■ **Exercise prompt**:
How many lines of the data include the string "real"? State that number alone.

[Collected data entries]
--------------------------------------------------

(* Let $a\in(0,1)$, $p\in(0,1)$, and let $X=(X_t)_{t=0,\dots,n}$ be a stationary Markov chain generated by the copula $C(u,v)=a\min(u,v)+(1-a)\max(u+v-1,0)$ and Bernoulli($p$) marginal distribution, and let $\bar p=\frac{1}{n+1}\sum_{t=0}^nX_t$. Then as $n\to\infty$, $$(n+1)\operatorname{Var}(\bar p)\to \frac{p(1-p)(a+1-2p)}{1-a}\ \text{ if } p<1/2,\qquad (n+1)\operatorname{Var}(\bar p)\to \frac{p(1-p)(2p-1+a)}{1-a}\ \text{ if } p\ge1/2;$$ in particular, for $p\neq1/2$ the asymptotic variance of $\bar p$ equals the asymptotic variance of the maximum likelihood estimator $\hat p$ of $p$, namely the $(p,p)$ entry of the asymptotic covariance matrix of $\sqrt{n+1}((\hat a,\hat p)-(a,p))$.
   Context: A stationary Markov chain $(X_t)$ is generated by a copula $C$ and a marginal cdf $F$ if each $X_t$ has cdf $F$ and $P(X_t\le x,X_{t+1}\le y)=C(F(x),F(y))$ for all $x,y$; Bernoulli($p$) means $P(X_t=1)=p$. For $p\neq1/2$ the maximum likelihood estimator $(\hat a,\hat p)$ of $(a,p)$ (a consistent root of the likelihood equations based on the transition probabilities of the chain) satisfies $\sqrt{n+1}((\hat a,\hat p)-(a,p))\to N_2(0,\Sigma^{-1})$, where the $(p,p)$ entry of $\Sigma^{-1}$ is $\frac{p(1-p)(a+1-2p)}{1-a}$ for $p<1/2$ and $\frac{p(1-p)(2p-1+a)}{1-a}$ for $p>1/2$. *)

theory Defs
  imports "HOL-Probability.Probability"
begin

definition bernoulli_cdf :: "real \<Rightarrow> real \<Rightarrow> real" where
  "bernoulli_cdf p x = (if x < 0 then 0 else if x < 1 then 1 - p else 1)"

definition mix_copula :: "real \<Rightarrow> real \<Rightarrow> real \<Rightarrow> real" where
  "mix_copula a u v = a * min u v + (1 - a) * max (u + v - 1) 0"

text \<open>The Markov property is stated in the
  discrete form (appropriate since the marginal is Bernoulli, so X t is a.s. in {0,1}):
  P(X_0 = x_0, ..., X_{t+1} = x_{t+1}) P(X_t = x_t)
    = P(X_0 = x_0, ..., X_t = x_t) P(X_t = x_t, X_{t+1} = x_{t+1}).\<close>
definition copula_markov_chain ::
    "'w measure \<Rightarrow> (nat \<Rightarrow> 'w \<Rightarrow> real) \<Rightarrow> (real \<Rightarrow> real \<Rightarrow> real) \<Rightarrow> (real \<Rightarrow> real) \<Rightarrow> bool" where
  "copula_markov_chain M X C F \<longleftrightarrow>
     (\<forall>t. X t \<in> borel_measurable M) \<and>
     (\<forall>t x. measure M {\<omega> \<in> space M. X t \<omega> \<le> x} = F x) \<and>
     (\<forall>t x y. measure M {\<omega> \<in> space M. X t \<omega> \<le> x \<and> X (Suc t) \<omega> \<le> y} = C (F x) (F y)) \<and>
     (\<forall>t (xs :: nat \<Rightarrow> real).
        measure M {\<omega> \<in> space M. \<forall>i\<le>Suc t. X i \<omega> = xs i} * measure M {\<omega> \<in> space M. X t \<omega> = xs t}
      = measure M {\<omega> \<in> space M. \<forall>i\<le>t. X i \<omega> = xs i} *
        measure M {\<omega> \<in> space M. X t \<omega> = xs t \<and> X (Suc t) \<omega> = xs (Suc t)})"

text \<open>The (p,p) entry of the inverse Fisher information Sigma^{-1}, i.e. the asymptotic
  variance of the MLE of p, as given in the context (for p \<noteq> 1/2).\<close>
definition mle_asym_var_p :: "real \<Rightarrow> real \<Rightarrow> real" where
  "mle_asym_var_p a p = (if p < 1/2 then p * (1 - p) * (a + 1 - 2 * p) / (1 - a)
                         else p * (1 - p) * (2 * p - 1 + a) / (1 - a))"

end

--------------------------------------------------

■ **Exercise solution**:
5